■ **Directions**: Once you find the line with "(intro eq_matI) auto" in the data that follows, repeat it and every line after it exactly, through the line with "cols_dim by blast".

Collected data:

(* Let $b\ge2$ and $d\in\{0,\dots,b-1\}$. If $d\ne0$, the sequence $(H^{(k)})_{k\ge1}$ is strictly decreasing; if $d=0$, the sequence $(H^{(k)})_{k\ge0}$ is strictly decreasing. In both cases $\lim_{k\to\infty}H^{(k)}=b\log b$.
   Context: For an integer $n\ge0$, its (minimal) base-$b$ representation is the string of base-$b$ digits of $n$ without leading zeros (the empty string for $n=0$); $k(n)$ denotes the number of occurrences of the digit $d$ in this representation. For $k\ge0$, the Irwin sum is $H^{(k)}=\sum_{n\ge1,\ k(n)=k}1/n$. *)

theory Defs
  imports "HOL-Analysis.Analysis"
begin

text \<open>Number of occurrences of digit d in the minimal base-b representation of n
  (no leading zeros; the representation of 0 is empty).\<close>
fun digit_count :: "nat \<Rightarrow> nat \<Rightarrow> nat \<Rightarrow> nat" where
  "digit_count b d n =
     (if n = 0 \<or> b < 2 then 0
      else (if n mod b = d then 1 else 0) + digit_count b d (n div b))"

definition irwin_sum :: "nat \<Rightarrow> nat \<Rightarrow> nat \<Rightarrow> real" where
  "irwin_sum b d k = infsum (\<lambda>n. 1 / real n) {n. n \<ge> 1 \<and> digit_count b d n = k}"

end

theory Submission
  imports Defs
begin

text \<open>
  Let \<open>\<psi> n = ln (n + 1) - ln n\<close>, the length of \<open>[n, n + 1]\<close> for the measure \<open>dx/x\<close>.
  By scale invariance \<open>(\<Sum>j<b. \<psi> (b m + j)) = \<psi> m\<close>, so the sum of \<open>\<psi>\<close> over all numbers with
  at most \<open>k\<close> digits \<open>d\<close> telescopes along the \<open>b\<close>-ary tree of digit strings: the only mass lost
  at a node \<open>m\<close> is that of its child \<open>b m + d\<close> when \<open>m\<close> has exactly \<open>k\<close> digits \<open>d\<close>. Hence the
  sum of \<open>\<psi> (b m + d)\<close> over all \<open>m\<close> with exactly \<open>k \<ge> 1\<close> digits \<open>d\<close> equals
  \<open>(\<Sum>j<b. \<psi> j) = ln b\<close>. As \<open>0 \<le> 1/m - b \<psi> (b m + d) \<le> 1/m\<^sup>2\<close> and every such \<open>m\<close> is at least
  \<open>b ^ (k - 1)\<close>, this gives \<open>b ln b \<le> H k \<le> b ln b + H k / b ^ (k - 1)\<close>; convergence of the
  series comes from the same telescoping, which bounds the partial sums.

  For monotonicity, group the terms of \<open>H (k + 1)\<close> by the parent \<open>m = n div b\<close>: a child
  \<open>b m + j\<close> contributes at most \<open>1 / (b m)\<close>, and it has \<open>k + 1\<close> digits \<open>d\<close> iff \<open>m\<close> has \<open>k\<close> of
  them (if \<open>j = d\<close>) or \<open>k + 1\<close> (if \<open>j \<noteq> d\<close>). This yields \<open>b H (k + 1) < H k + (b - 1) H (k + 1)\<close>,
  strictly because some child has last digit \<open>j \<ge> 1\<close>. Since then \<open>H k \<le> H 1\<close>, the bounds above
  squeeze \<open>H k\<close> to \<open>b ln b\<close>.
\<close>

declare digit_count.simps [simp del]

lemma digit_count_0 [simp]: "digit_count b d 0 = 0"
  by (simp add: digit_count.simps)

lemma digit_count_snoc:
  assumes "2 \<le> b" "j < b" "0 < b * m + j"
  shows "digit_count b d (b * m + j) = digit_count b d m + (if j = d then 1 else 0)"
  using assms by (subst digit_count.simps) simp

lemma digit_count_less_power:
  assumes "2 \<le> b" "n < b ^ L"
  shows "digit_count b d n \<le> L"
  using assms(2)
proof (induction L arbitrary: n)
  case (Suc L)
  show ?case
  proof (cases "n = 0")
    case False
    have "n div b < b ^ L"
      using Suc.prems assms(1) by (simp add: div_less_iff_less_mult mult.commute)
    with Suc.IH have "digit_count b d (n div b) \<le> L" .
    with False assms(1) show ?thesis by (subst digit_count.simps) simp
  qed simp
qed simp

lemma power_le_of_digit_count:
  assumes "2 \<le> b" "1 \<le> digit_count b d n"
  shows "b ^ (digit_count b d n - 1) \<le> n"
  using digit_count_less_power[OF assms(1), of n "digit_count b d n - 1" d] assms(2)
  by (meson diff_less less_one not_le order_less_le_trans)

lemma ex_digit_count:
  assumes "2 \<le> b" "d < b" "1 \<le> k"
  shows "\<exists>m>0. digit_count b d m = k"
  using assms(3)
proof (induction k rule: dec_induct)
  case base
  show ?case
  proof (cases "d = 0")
    case True
    then have "digit_count b d b = 1"
      using assms digit_count_snoc[OF assms(1), of 0 1 d] digit_count_snoc[OF assms(1), of 1 0 d]
      by simp
    with assms(1) show ?thesis by (intro exI[of _ b]) simp
  next
    case False
    then show ?thesis
      using assms digit_count_snoc[OF assms(1), of d 0 d] by (intro exI[of _ d]) simp
  qed
next
  case (step k)
  then obtain m where "0 < m" "digit_count b d m = k" by blast
  then show ?case
    using assms digit_count_snoc[OF assms(1), of d m d] by (intro exI[of _ "b * m + d"]) simp
qed
lemma min_rc_lot_le_min_rc:
  assumes "b \<in> Bs"
  shows "min_rc_lot l \<le> min_rc b l"
proof -
  have "min_rc b l \<in> (\<lambda>m. rc b l m) ` Ms"
    using finite_Ms Ms_nonempty by (intro Min_in) auto
  then obtain m where "m \<in> Ms" "min_rc b l = rc b l m"
    by blast
  then show ?thesis
    using assms finite_Bs finite_Ms by (auto intro!: Min_le)
qed

lemma min_rc_lot_attained: "\<exists>b\<in>Bs. min_rc b l = min_rc_lot l"
proof -
  have "min_rc_lot l \<in> (\<lambda>(b, m). rc b l m) ` (Bs \<times> Ms)"
    using finite_Bs finite_Ms Bs_nonempty Ms_nonempty by (intro Min_in) auto
  then obtain b m where bm: "b \<in> Bs" "m \<in> Ms" "min_rc_lot l = rc b l m"
    by auto
  then have "min_rc b l = min_rc_lot l"
    using min_rc_le[of m b l] min_rc_lot_le_min_rc[of b l] by simp
  then show ?thesis
    using bm(1) by blast
qed

lemma x_constraint_iff_redcost:
  "\<alpha> b - \<beta>' b l + \<delta>' l + real m * lsize Ss l * (\<phi> - \<psi>) \<le> c b l m \<longleftrightarrow>
     betabar Lb \<beta> b l - deltabar L1 \<delta> l - rc b l m \<le> \<beta>' b l - \<delta>' l"
  by (auto simp: redcost_def)

lemma lifting_x_constraints_iff:
  assumes "b \<in> Bs" and "l \<in> Lb b \<Longrightarrow> \<beta>' b l = \<beta> b l" and "l \<in> L1 \<Longrightarrow> \<delta>' l = \<delta> l"
  shows "(\<forall>m\<in>Ms. \<alpha> b - \<beta>' b l + \<delta>' l + real m * lsize Ss l * (\<phi> - \<psi>) \<le> c b l m) \<longleftrightarrow>
    (if l \<in> Lb b then \<forall>m\<in>Ms. 0 \<le> rc b l m
     else (if l \<in> L1 then 0 else \<delta>' l) - \<beta>' b l \<le> min_rc b l)"
proof (cases "l \<in> Lb b")
  case True
  then show ?thesis
    using assms lot_in_L1[OF assms(1) True]
    by (simp add: x_constraint_iff_redcost betabar_def deltabar_def)
next
  case False
  then show ?thesis
    using assms finite_Ms Ms_nonempty
    by (auto simp: x_constraint_iff_redcost betabar_def deltabar_def)
qed
(* Let $S\subseteq[n]$ and $k\in S$. Suppose $\delta_i=0$ for $i\notin S$, and the vectors $\{\delta_j: j\in S\setminus\{k\}\}$ are random with a joint distribution $\mathcal{D}_k$ having finite first and second moments, while $\delta_k\in\mathbb{R}^n$ is deterministic. Let $(W',P')$ be the (random) stable point for $M'=M+\Delta$, where $\Delta e_i=\delta_i$. Then a vector $\delta_k\in\mathbb{R}^n$ maximizes agent $k$'s expected utility $\mathbb{E}_{\mathcal{D}_k}[g_k(W',P')]$ if and only if it solves the linear system $$T^{(k,k)}\delta_k+\sum_{j\in S,\ j\neq k}T^{(k,j)}\,\mathbb{E}_{\mathcal{D}_k}[\delta_j]=y_k .$$
   Context: Fix agents $[n]=\{1,\dots,n\}$. Let $\Sigma\in\mathbb{R}^{n\times n}$ be symmetric positive definite, $\Gamma=\mathrm{diag}(\gamma_1,\dots,\gamma_n)$ with all $\gamma_i>0$, and let $M\in\mathbb{R}^{n\times n}$ be the matrix of true beliefs with $i$-th column $\mu_i=Me_i$. For a matrix of reported negotiating positions $M'\in\mathbb{R}^{n\times n}$, the stable point for $M'$ is the unique pair $(W,P)$ of real $n\times n$ matrices with $W=W^T$, $P^T=-P$ and $M'-P=2\Sigma W\Gamma$; equivalently $\mathrm{vec}(W)=\tfrac12(\Gamma\otimes\Sigma+\Sigma\otimes\Gamma)^{-1}\mathrm{vec}(M'+M'^T)$ and $P=M'-2\Sigma W\Gamma$. Here $\mathrm{vec}$ stacks columns and $e_i$ is the $i$-th standard basis vector. Agent $i$'s (true) utility at $(W,P)$ is $g_i(W,P)=w_i^T(\mu_i-Pe_i)-\gamma_i\, w_i^T\Sigma w_i$, where $w_i=We_i$. Agent $i$'s negotiating position is $\mu_i'=\mu_i+\delta_i$. Matrices: $\Pi\in\mathbb{R}^{n^2\times n^2}$ is the commutation matrix, $\Pi\,\mathrm{vec}(X)=\mathrm{vec}(X^T)$ for all $X\in\mathbb{R}^{n\times n}$; $\Pi_k\in\mathbb{R}^{n\times n^2}$ satisfies $\Pi_k\mathrm{vec}(X)=Xe_k$. For $Z\in\mathbb{R}^{n^2\times n^2}$, $Z^{(p,q)}$ is its $n\times n$ block in block-row $p$ and block-column $q$. Set $K=\Gamma\otimes\Sigma+\Sigma\otimes\Gamma$ (invertible), $L=\tfrac12(K^{-1}+K^{-1}\Pi)$, $T^{(k,k)}=L^{(k,k)}+(L^{(k,k)})^T-2\gamma_k(L^{(k,k)})^T\Sigma L^{(k,k)}$, $T^{(k,j)}=(I-2\gamma_k(L^{(k,k)})^T\Sigma)L^{(k,j)}$ for $j\neq k$, and $y_k=\tfrac12\big(2\gamma_k(L^{(k,k)})^T\Sigma-I\big)\Pi_kK^{-1}\mathrm{vec}(M+M^T)$. *)

theory Defs
  imports "HOL-Analysis.Analysis" "HOL-Probability.Probability"
begin
(* Let $S\subseteq M_n$ be a noncommutative graph. Then the minimum defining $\mathcal{H}(S)$ is attained by some $m\in\mathbb{N}$ with $m\leq n^4$ and some $B\in M_m(S)$ with $\sum_{i=1}^m B_{i,i}=I_n$.
   Context: All scalars are complex; $M_n$ denotes complex $n\times n$ matrices. A noncommutative graph is a linear subspace $S\subseteq M_n$ that contains $I_n$ and is closed under conjugate transpose. For a subspace $S\subseteq M_n$, $M_m(S)$ denotes the set of $m\times m$ block matrices $B=[B_{i,j}]_{i,j\in[m]}$ with every block $B_{i,j}\in S$, viewed as elements of $M_{mn}$. The Haemers bound is $\mathcal{H}(S)=\min\{\mathrm{rk}(B):\ m\in\mathbb{N},\ B\in M_m(S),\ \sum_{i=1}^m B_{i,i}=I_n\}$. *)

theory Defs
  imports "Jordan_Normal_Form.DL_Rank"
begin

definition conj_transpose :: "complex mat \<Rightarrow> complex mat" where
  "conj_transpose A = mat (dim_col A) (dim_row A) (\<lambda>(i,j). cnj (A $$ (j,i)))"

definition subspace_mat :: "nat \<Rightarrow> complex mat set \<Rightarrow> bool" where
  "subspace_mat n S \<longleftrightarrow> S \<subseteq> carrier_mat n n \<and> 0\<^sub>m n n \<in> S \<and>
     (\<forall>A\<in>S. \<forall>B\<in>S. A + B \<in> S) \<and> (\<forall>c::complex. \<forall>A\<in>S. c \<cdot>\<^sub>m A \<in> S)"

definition nc_graph :: "nat \<Rightarrow> complex mat set \<Rightarrow> bool" where
  "nc_graph n S \<longleftrightarrow> subspace_mat n S \<and> 1\<^sub>m n \<in> S \<and> (\<forall>A\<in>S. conj_transpose A \<in> S)"

definition block :: "nat \<Rightarrow> complex mat \<Rightarrow> nat \<Rightarrow> nat \<Rightarrow> complex mat" where
  "block n B i j = mat n n (\<lambda>(a,b). B $$ (i * n + a, j * n + b))"

text \<open>B belongs to M_m(S) (as an element of M_{mn}).\<close>
definition block_mats :: "nat \<Rightarrow> nat \<Rightarrow> complex mat set \<Rightarrow> complex mat set" where
  "block_mats n m S = {B. B \<in> carrier_mat (m * n) (m * n) \<and>
      (\<forall>i<m. \<forall>j<m. block n B i j \<in> S)}"

definition crank :: "complex mat \<Rightarrow> nat" where
  "crank B = vec_space.rank (dim_row B) B"

definition diag_block_sum :: "nat \<Rightarrow> nat \<Rightarrow> complex mat \<Rightarrow> complex mat" where
  "diag_block_sum n m B = mat n n (\<lambda>(a,b). \<Sum>i<m. block n B i i $$ (a,b))"

definition haemers_feasible :: "nat \<Rightarrow> complex mat set \<Rightarrow> nat \<Rightarrow> complex mat \<Rightarrow> bool" where
  "haemers_feasible n S m B \<longleftrightarrow> m \<ge> 1 \<and> B \<in> block_mats n m S \<and>
      diag_block_sum n m B = 1\<^sub>m n"

definition haemers :: "nat \<Rightarrow> complex mat set \<Rightarrow> nat" where
  "haemers n S = (LEAST r. \<exists>m B. haemers_feasible n S m B \<and> crank B = r)"

end

theory Submission
  imports Defs
begin

text \<open>
  Let \<open>h = \<H>(S) \<le> n\<close> (the identity is feasible with \<open>m = 1\<close>) and let \<open>B \<in> M\<^sub>m(S)\<close> be feasible
  of rank \<open>h\<close>. Writing \<open>B = F G\<close> with \<open>F\<close> of width \<open>h\<close>, the \<open>m\<close> block rows of \<open>F\<close> live in
  a space of dimension \<open>n h\<close>; so if \<open>m > n h\<close>, some block row \<open>j\<close> of \<open>B\<close> is a linear
  combination \<open>\<Sum>\<^sub>i\<^sub>\<noteq>\<^sub>j d\<^sub>i (block row i)\<close> of the others. Deleting block row \<open>j\<close> and, for
  every \<open>l \<noteq> j\<close>, replacing block column \<open>l\<close> by itself plus \<open>d\<^sub>l\<close> times block column \<open>j\<close>
  (then deleting block column \<open>j\<close>) does not increase the rank, keeps all blocks in \<open>S\<close>,
  and keeps the sum of the diagonal blocks, since \<open>\<Sum>\<^sub>i\<^sub>\<noteq>\<^sub>j d\<^sub>i B\<^sub>i\<^sub>j = B\<^sub>j\<^sub>j\<close>. Hence an
  optimal \<open>B\<close> with the least number of blocks has \<open>m \<le> n h \<le> n\<^sup>2\<close>.
\<close>

lemma rank_le_of_sum_of_products:
  fixes A :: "'a::field mat"
  assumes "A \<in> carrier_mat N M"
    and "\<And>x y. x < N \<Longrightarrow> y < M \<Longrightarrow> A $$ (x,y) = (\<Sum>s<r. f s x * g s y)"
  shows "vec_space.rank N A \<le> r"
  using assms
proof (induction r arbitrary: A)
  case 0
  then have "A = 0\<^sub>m N M" by (intro eq_matI) auto
  then show ?case using vec_space.rank_0I by simp
next
  case (Suc r)
  define A1 where "A1 = mat N M (\<lambda>(x,y). \<Sum>s<r. f s x * g s y)"
  define A2 where "A2 = mat N M (\<lambda>(x,y). f r x * g r y)"
  have carrier: "A1 \<in> carrier_mat N M" "A2 \<in> carrier_mat N M" unfolding A1_def A2_def by auto
  have "A = A1 + A2" using Suc.prems by (intro eq_matI) (auto simp: A1_def A2_def)
  moreover have "vec_space.rank N A1 \<le> r" by (rule Suc.IH[OF carrier(1)]) (auto simp: A1_def)
  moreover have "vec_space.rank N A2 \<le> 1"
    by (rule vec_space.rank_le_1_product_entries[OF carrier(2), of "f r" "g r"]) (auto simp: A2_def)
  moreover have "vec_space.rank N (A1 + A2) \<le> vec_space.rank N A1 + vec_space.rank N A2"
    by (rule vec_space.rank_subadditive[OF carrier])
  ultimately show ?case by simp
qed

lemma rank_factorization:
  fixes A :: "'a::field mat"
  assumes A: "A \<in> carrier_mat N M"
  obtains f g where "\<And>x y. x < N \<Longrightarrow> y < M \<Longrightarrow> A $$ (x,y) = (\<Sum>s<vec_space.rank N A. f s x * g s y)"
proof -
  interpret vs: vec_space "TYPE('a)" N .
  have cols: "set (cols A) \<subseteq> carrier_vec N" using A cols_dim by blast
  obtain W where W: "maximal W (\<lambda>T. T \<subseteq> set (cols A) \<and> vs.lin_indpt T)"
    using maximal_exists[of "\<lambda>T. T \<subseteq> set (cols A) \<and> vs.lin_indpt T" "card (set (cols A))" "{}"]
    by (meson List.finite_set card_mono empty_iff empty_subsetI vs.finite_lin_indpt2 rev_finite_subset)
  have rank: "vs.rank A = card W" by (rule vs.rank_card_indpt[OF A W])
  have W_cols: "W \<subseteq> set (cols A)" and W_indpt: "vs.lin_indpt W" using W unfolding maximal_def by auto
  have W_fin: "finite W" using W_cols finite_subset by blast
  have W_carrier: "W \<subseteq> carrier_vec N" using W_cols cols by blast
  have in_span: "c \<in> vs.span W" if c: "c \<in> set (cols A)" for c
  proof (rule ccontr)
    assume c_notin: "c \<notin> vs.span W"
    then have "c \<notin> W" using vs.in_own_span[OF W_carrier] by blast
    moreover have "vs.lin_indpt (W \<union> {c})"
      using vs.lin_dep_iff_in_span[OF W_carrier W_indpt _ \<open>c \<notin> W\<close>] c cols c_notin by blast
    then have "W \<union> {c} = W" using W c W_cols unfolding maximal_def by blast
    ultimately show False by blast
  qed
  have "\<forall>y\<in>{..<M}. \<exists>a. vs.lincomb a W = col A y"
    using vs.finite_in_span[OF W_fin W_carrier in_span] A by (auto simp: cols_def)
  then obtain a where a: "\<And>y. y < M \<Longrightarrow> vs.lincomb (a y) W = col A y" by (metis bchoice lessThan_iff)
  obtain ws where ws: "distinct ws" "set ws = W" using finite_distinct_list[OF W_fin] by blast
  have entries: "A $$ (x,y) = (\<Sum>s<card W. ws ! s $ x * a y (ws ! s))" if xy: "x < N" "y < M" for x y
  proof -
    have "A $$ (x,y) = vs.lincomb (a y) W $ x" using a A xy by simp
    also have "\<dots> = (\<Sum>w\<in>W. a y w * w $ x)" by (rule vs.lincomb_index[OF xy(1) W_carrier])
    also have "\<dots> = (\<Sum>s<length ws. a y (ws ! s) * ws ! s $ x)"
      unfolding ws(2)[symmetric] sum.distinct_set_conv_list[OF ws(1)]
      by (simp add: sum_list_sum_nth atLeast0LessThan)
    finally show ?thesis using ws distinct_card by (fastforce simp: mult.commute)
  qed
  show thesis by (rule that[of "\<lambda>s x. ws ! s $ x" "\<lambda>s y. a y (ws ! s)"]) (simp add: rank entries)
qed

■ **Exercise response**:
  then have "A = 0\<^sub>m N M" by (intro eq_matI) auto
  then show ?case using vec_space.rank_0I by simp
next
  case (Suc r)
  define A1 where "A1 = mat N M (\<lambda>(x,y). \<Sum>s<r. f s x * g s y)"
  define A2 where "A2 = mat N M (\<lambda>(x,y). f r x * g r y)"
  have carrier: "A1 \<in> carrier_mat N M" "A2 \<in> carrier_mat N M" unfolding A1_def A2_def by auto
  have "A = A1 + A2" using Suc.prems by (intro eq_matI) (auto simp: A1_def A2_def)
  moreover have "vec_space.rank N A1 \<le> r" by (rule Suc.IH[OF carrier(1)]) (auto simp: A1_def)
  moreover have "vec_space.rank N A2 \<le> 1"
    by (rule vec_space.rank_le_1_product_entries[OF carrier(2), of "f r" "g r"]) (auto simp: A2_def)
  moreover have "vec_space.rank N (A1 + A2) \<le> vec_space.rank N A1 + vec_space.rank N A2"
    by (rule vec_space.rank_subadditive[OF carrier])
  ultimately show ?case by simp
qed

lemma rank_factorization:
  fixes A :: "'a::field mat"
  assumes A: "A \<in> carrier_mat N M"
  obtains f g where "\<And>x y. x < N \<Longrightarrow> y < M \<Longrightarrow> A $$ (x,y) = (\<Sum>s<vec_space.rank N A. f s x * g s y)"
proof -
  interpret vs: vec_space "TYPE('a)" N .
  have cols: "set (cols A) \<subseteq> carrier_vec N" using A cols_dim by blast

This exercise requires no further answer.